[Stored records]
== Segment start ==

text \<open>Difference quotients along \<open>b\<close> integrate to zero by translation invariance, and they
  converge dominatedly to the line derivative.\<close>

lemma integral_line_derivative_eq_0:
  fixes g g' :: "'a::euclidean_space \<Rightarrow> real"
  assumes contg: "continuous_on UNIV g" and contg': "continuous_on UNIV g'"
    and der: "\<And>x. ((\<lambda>t. g (x + t *\<^sub>R b)) has_real_derivative g' x) (at 0)"
    and K: "compact K" and supp: "\<And>x. x \<notin> K \<Longrightarrow> g x = 0 \<and> g' x = 0"
  shows "(\<integral>x. g' x \<partial>lborel) = 0"
proof -
  obtain R where R: "K \<subseteq> ball 0 R"
    using bounded_subset_ballD[OF compact_imp_bounded[OF K]] by blast
  obtain B where B: "\<And>x. \<bar>g' x\<bar> \<le> B"
    using bounded_compact_support[OF K continuous_on_subset[OF contg' subset_UNIV]] supp by metis
  have [measurable]: "g \<in> borel_measurable borel" "g' \<in> borel_measurable borel"
    using contg contg' by (simp_all add: borel_measurable_continuous_onI)
  define h where "h n = inverse (real (Suc n))" for n
  define DQ where "DQ n x = (g (x + h n *\<^sub>R b) - g x) / h n" for n x
  have h: "0 < h n" "h n \<le> 1" for n
    by (simp_all add: h_def inverse_le_1_iff)
  have DQ_lim: "(\<lambda>n. DQ n x) \<longlonglongrightarrow> g' x" for x
  proof -
    have "((\<lambda>s. (g (x + s *\<^sub>R b) - g x) / s) \<longlongrightarrow> g' x) (at 0)"
      using der[of x] by (simp add: DERIV_def)
    moreover have "(\<forall>n. h n \<noteq> 0) \<and> h \<longlonglongrightarrow> 0"
      using h(1) LIMSEQ_inverse_real_of_nat by (simp add: h_def[abs_def])
    ultimately show ?thesis
      unfolding DQ_def by (rule LIMSEQ_SEQ_conv[THEN iffD2, rule_format])
  qed
  have "(\<lambda>n. integral\<^sup>L lborel (DQ n)) \<longlonglongrightarrow> integral\<^sup>L lborel g'"
  proof (rule integral_dominated_convergence[where w="\<lambda>x. B * indicator (cball 0 (R + norm b)) x"])
    show "integrable lborel (\<lambda>x. B * indicator (cball 0 (R + norm b)) x)"
      using emeasure_lborel_cball_finite by (intro integrable_mult_right integrable_real_indicator) auto
    show "DQ n \<in> borel_measurable lborel" for n
      unfolding DQ_def by measurable
    show "AE x in lborel. (\<lambda>n. DQ n x) \<longlonglongrightarrow> g' x"
      using DQ_lim by simp
    show "AE x in lborel. norm (DQ n x) \<le> B * indicator (cball 0 (R + norm b)) x" for n
      using difference_quotient_along_line_bound[OF der B R _ h] supp by (simp add: DQ_def)
  qed simp
  moreover have "integral\<^sup>L lborel (DQ n) = 0" for n
    using integral_lborel_translate_diff[of g "h n *\<^sub>R b"] integrable_lborel_compact_support[OF contg K] supp
    by (simp add: DQ_def[abs_def] integral_divide_zero)
  ultimately have "(\<lambda>n. 0) \<longlonglongrightarrow> integral\<^sup>L lborel g'"
    by simp
  then show ?thesis
    by (simp add: LIMSEQ_const_iff)
qed
(* Assume ${\bf v}$ has the RCI property and is completely irrational. Then $$\Xi_{\bf v}=\bigcup_{J\subset\{1,\dots,d\}}\big\{\mathcal{L}^J_{{\bf v},x}: x\in\mathtt X^J_{\bf v}\big\}\;\cup\;\bigcup_{i=1}^d\Xi_{{\bf v}\setminus i},$$ and consequently $$\Xi_{\bf v}=\bigcup_{\emptyset\neq I\subset\{1,\dots,d\}}\ \bigcup_{J\subset I}\big\{\mathcal{L}^J_{{\bf v}_I,x}: x\in\mathtt X^J_{{\bf v}_I}\big\}\;\cup\;\{\mathbb{Z}^D\}.$$
   Context: Let $D\ge d\ge1$ be integers and ${\bf v}=\{v_1,\dots,v_d\}$ a set of linearly independent unit vectors in $\mathbb{R}^D$. For $I\subset\{1,\dots,d\}$ write ${\bf v}_I=\{v_i\}_{i\in I}$, ${\bf v}\setminus i:={\bf v}_{\{1,\dots,d\}\setminus\{i\}}$, $\mathcal{L}_{{\bf v}_I}:=\{n\in\mathbb{Z}^D: v_i\cdot n\ge0\ \forall i\in I\}$ (so $\mathcal{L}_{{\bf v}_\emptyset}=\mathbb{Z}^D$, $\mathcal{L}_{\bf v}:=\mathcal{L}_{{\bf v}_{\{1,\dots,d\}}}$), $A_{{\bf v}_I}z=(v_i\cdot z)_{i\in I}$, and $\mathcal{X}_{{\bf v}_I}:=\overline{A_{{\bf v}_I}(\mathcal{L}_{{\bf v}_I})}\subset[0,\infty)^I$. Subsets of $\mathbb{Z}^D$ carry the Fell topology (= product topology on $\{0,1\}^{\mathbb{Z}^D}$). $\Xi_{{\bf v}_I}:=\overline{\{\mathcal{L}_{{\bf v}_I}-n: n\in\mathcal{L}_{{\bf v}_I}\}}$, $\Xi_\emptyset=\{\mathbb{Z}^D\}$, $\Xi_{\bf v}:=\Xi_{{\bf v}_{\{1,\dots,d\}}}$. For nonempty $I$, ${\bf v}_I$ is rational (R) if $A_{{\bf v}_I}(\mathcal{L}_{{\bf v}_I})$ is a closed, discrete, finitely generated subsemigroup of $[0,\infty)^I$, and completely irrational (CI) if $\mathcal{X}_{{\bf v}_I}=[0,\infty)^I$; ${\bf v}$ has the RCI property if every ${\bf v}_I$ with $\emptyset\neq I\subsetneq\{1,\dots,d\}$ is R or CI. For $J\subset I$, $x\in\mathbb{R}^I$: $\mathcal{L}^J_{{\bf v}_I,x}:=\{n\in\mathbb{Z}^D: v_k\cdot n+x_k>0\ (k\in J),\ v_k\cdot n+x_k\ge0\ (k\in I\setminus J)\}$; $\mathtt X^\emptyset_{{\bf v}_I}:=\mathcal{X}_{{\bf v}_I}$ and for $J\ne\emptyset$, $\mathtt X^J_{{\bf v}_I}:=\{x\in\mathcal{X}_{{\bf v}_I}:\forall k\in J\ \exists n\in\mathbb{Z}^D,\ x_k=v_k\cdot n\neq0\}$; $\mathtt X^J_{\bf v}$ is the case $I=\{1,\dots,d\}$. *)

theory Defs
  imports "HOL-Analysis.Analysis"
begin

== Segment end ==

WORK TASK:
A faithful copy of all the records is required.

ANSWER TO THIS PROBLEM:
text \<open>Difference quotients along \<open>b\<close> integrate to zero by translation invariance, and they
  converge dominatedly to the line derivative.\<close>

lemma integral_line_derivative_eq_0:
  fixes g g' :: "'a::euclidean_space \<Rightarrow> real"
  assumes contg: "continuous_on UNIV g" and contg': "continuous_on UNIV g'"
    and der: "\<And>x. ((\<lambda>t. g (x + t *\<^sub>R b)) has_real_derivative g' x) (at 0)"
    and K: "compact K" and supp: "\<And>x. x \<notin> K \<Longrightarrow> g x = 0 \<and> g' x = 0"
  shows "(\<integral>x. g' x \<partial>lborel) = 0"
proof -
  obtain R where R: "K \<subseteq> ball 0 R"
    using bounded_subset_ballD[OF compact_imp_bounded[OF K]] by blast
  obtain B where B: "\<And>x. \<bar>g' x\<bar> \<le> B"
    using bounded_compact_support[OF K continuous_on_subset[OF contg' subset_UNIV]] supp by metis
  have [measurable]: "g \<in> borel_measurable borel" "g' \<in> borel_measurable borel"
    using contg contg' by (simp_all add: borel_measurable_continuous_onI)
  define h where "h n = inverse (real (Suc n))" for n
  define DQ where "DQ n x = (g (x + h n *\<^sub>R b) - g x) / h n" for n x
  have h: "0 < h n" "h n \<le> 1" for n
    by (simp_all add: h_def inverse_le_1_iff)
  have DQ_lim: "(\<lambda>n. DQ n x) \<longlonglongrightarrow> g' x" for x
  proof -
    have "((\<lambda>s. (g (x + s *\<^sub>R b) - g x) / s) \<longlongrightarrow> g' x) (at 0)"
      using der[of x] by (simp add: DERIV_def)
    moreover have "(\<forall>n. h n \<noteq> 0) \<and> h \<longlonglongrightarrow> 0"
      using h(1) LIMSEQ_inverse_real_of_nat by (simp add: h_def[abs_def])
    ultimately show ?thesis
      unfolding DQ_def by (rule LIMSEQ_SEQ_conv[THEN iffD2, rule_format])
  qed
  have "(\<lambda>n. integral\<^sup>L lborel (DQ n)) \<longlonglongrightarrow> integral\<^sup>L lborel g'"
  proof (rule integral_dominated_convergence[where w="\<lambda>x. B * indicator (cball 0 (R + norm b)) x"])
    show "integrable lborel (\<lambda>x. B * indicator (cball 0 (R + norm b)) x)"
      using emeasure_lborel_cball_finite by (intro integrable_mult_right integrable_real_indicator) auto
    show "DQ n \<in> borel_measurable lborel" for n
      unfolding DQ_def by measurable
    show "AE x in lborel. (\<lambda>n. DQ n x) \<longlonglongrightarrow> g' x"
      using DQ_lim by simp
    show "AE x in lborel. norm (DQ n x) \<le> B * indicator (cball 0 (R + norm b)) x" for n
      using difference_quotient_along_line_bound[OF der B R _ h] supp by (simp add: DQ_def)
  qed simp
  moreover have "integral\<^sup>L lborel (DQ n) = 0" for n
    using integral_lborel_translate_diff[of g "h n *\<^sub>R b"] integrable_lborel_compact_support[OF contg K] supp
    by (simp add: DQ_def[abs_def] integral_divide_zero)
  ultimately have "(\<lambda>n. 0) \<longlonglongrightarrow> integral\<^sup>L lborel g'"
    by simp
  then show ?thesis
    by (simp add: LIMSEQ_const_iff)
qed
(* Assume ${\bf v}$ has the RCI property and is completely irrational. Then $$\Xi_{\bf v}=\bigcup_{J\subset\{1,\dots,d\}}\big\{\mathcal{L}^J_{{\bf v},x}: x\in\mathtt X^J_{\bf v}\big\}\;\cup\;\bigcup_{i=1}^d\Xi_{{\bf v}\setminus i},$$ and consequently $$\Xi_{\bf v}=\bigcup_{\emptyset\neq I\subset\{1,\dots,d\}}\ \bigcup_{J\subset I}\big\{\mathcal{L}^J_{{\bf v}_I,x}: x\in\mathtt X^J_{{\bf v}_I}\big\}\;\cup\;\{\mathbb{Z}^D\}.$$
   Context: Let $D\ge d\ge1$ be integers and ${\bf v}=\{v_1,\dots,v_d\}$ a set of linearly independent unit vectors in $\mathbb{R}^D$. For $I\subset\{1,\dots,d\}$ write ${\bf v}_I=\{v_i\}_{i\in I}$, ${\bf v}\setminus i:={\bf v}_{\{1,\dots,d\}\setminus\{i\}}$, $\mathcal{L}_{{\bf v}_I}:=\{n\in\mathbb{Z}^D: v_i\cdot n\ge0\ \forall i\in I\}$ (so $\mathcal{L}_{{\bf v}_\emptyset}=\mathbb{Z}^D$, $\mathcal{L}_{\bf v}:=\mathcal{L}_{{\bf v}_{\{1,\dots,d\}}}$), $A_{{\bf v}_I}z=(v_i\cdot z)_{i\in I}$, and $\mathcal{X}_{{\bf v}_I}:=\overline{A_{{\bf v}_I}(\mathcal{L}_{{\bf v}_I})}\subset[0,\infty)^I$. Subsets of $\mathbb{Z}^D$ carry the Fell topology (= product topology on $\{0,1\}^{\mathbb{Z}^D}$). $\Xi_{{\bf v}_I}:=\overline{\{\mathcal{L}_{{\bf v}_I}-n: n\in\mathcal{L}_{{\bf v}_I}\}}$, $\Xi_\emptyset=\{\mathbb{Z}^D\}$, $\Xi_{\bf v}:=\Xi_{{\bf v}_{\{1,\dots,d\}}}$. For nonempty $I$, ${\bf v}_I$ is rational (R) if $A_{{\bf v}_I}(\mathcal{L}_{{\bf v}_I})$ is a closed, discrete, finitely generated subsemigroup of $[0,\infty)^I$, and completely irrational (CI) if $\mathcal{X}_{{\bf v}_I}=[0,\infty)^I$; ${\bf v}$ has the RCI property if every ${\bf v}_I$ with $\emptyset\neq I\subsetneq\{1,\dots,d\}$ is R or CI. For $J\subset I$, $x\in\mathbb{R}^I$: $\mathcal{L}^J_{{\bf v}_I,x}:=\{n\in\mathbb{Z}^D: v_k\cdot n+x_k>0\ (k\in J),\ v_k\cdot n+x_k\ge0\ (k\in I\setminus J)\}$; $\mathtt X^\emptyset_{{\bf v}_I}:=\mathcal{X}_{{\bf v}_I}$ and for $J\ne\emptyset$, $\mathtt X^J_{{\bf v}_I}:=\{x\in\mathcal{X}_{{\bf v}_I}:\forall k\in J\ \exists n\in\mathbb{Z}^D,\ x_k=v_k\cdot n\neq0\}$; $\mathtt X^J_{\bf v}$ is the case $I=\{1,\dots,d\}$. *)

theory Defs
  imports "HOL-Analysis.Analysis"
begin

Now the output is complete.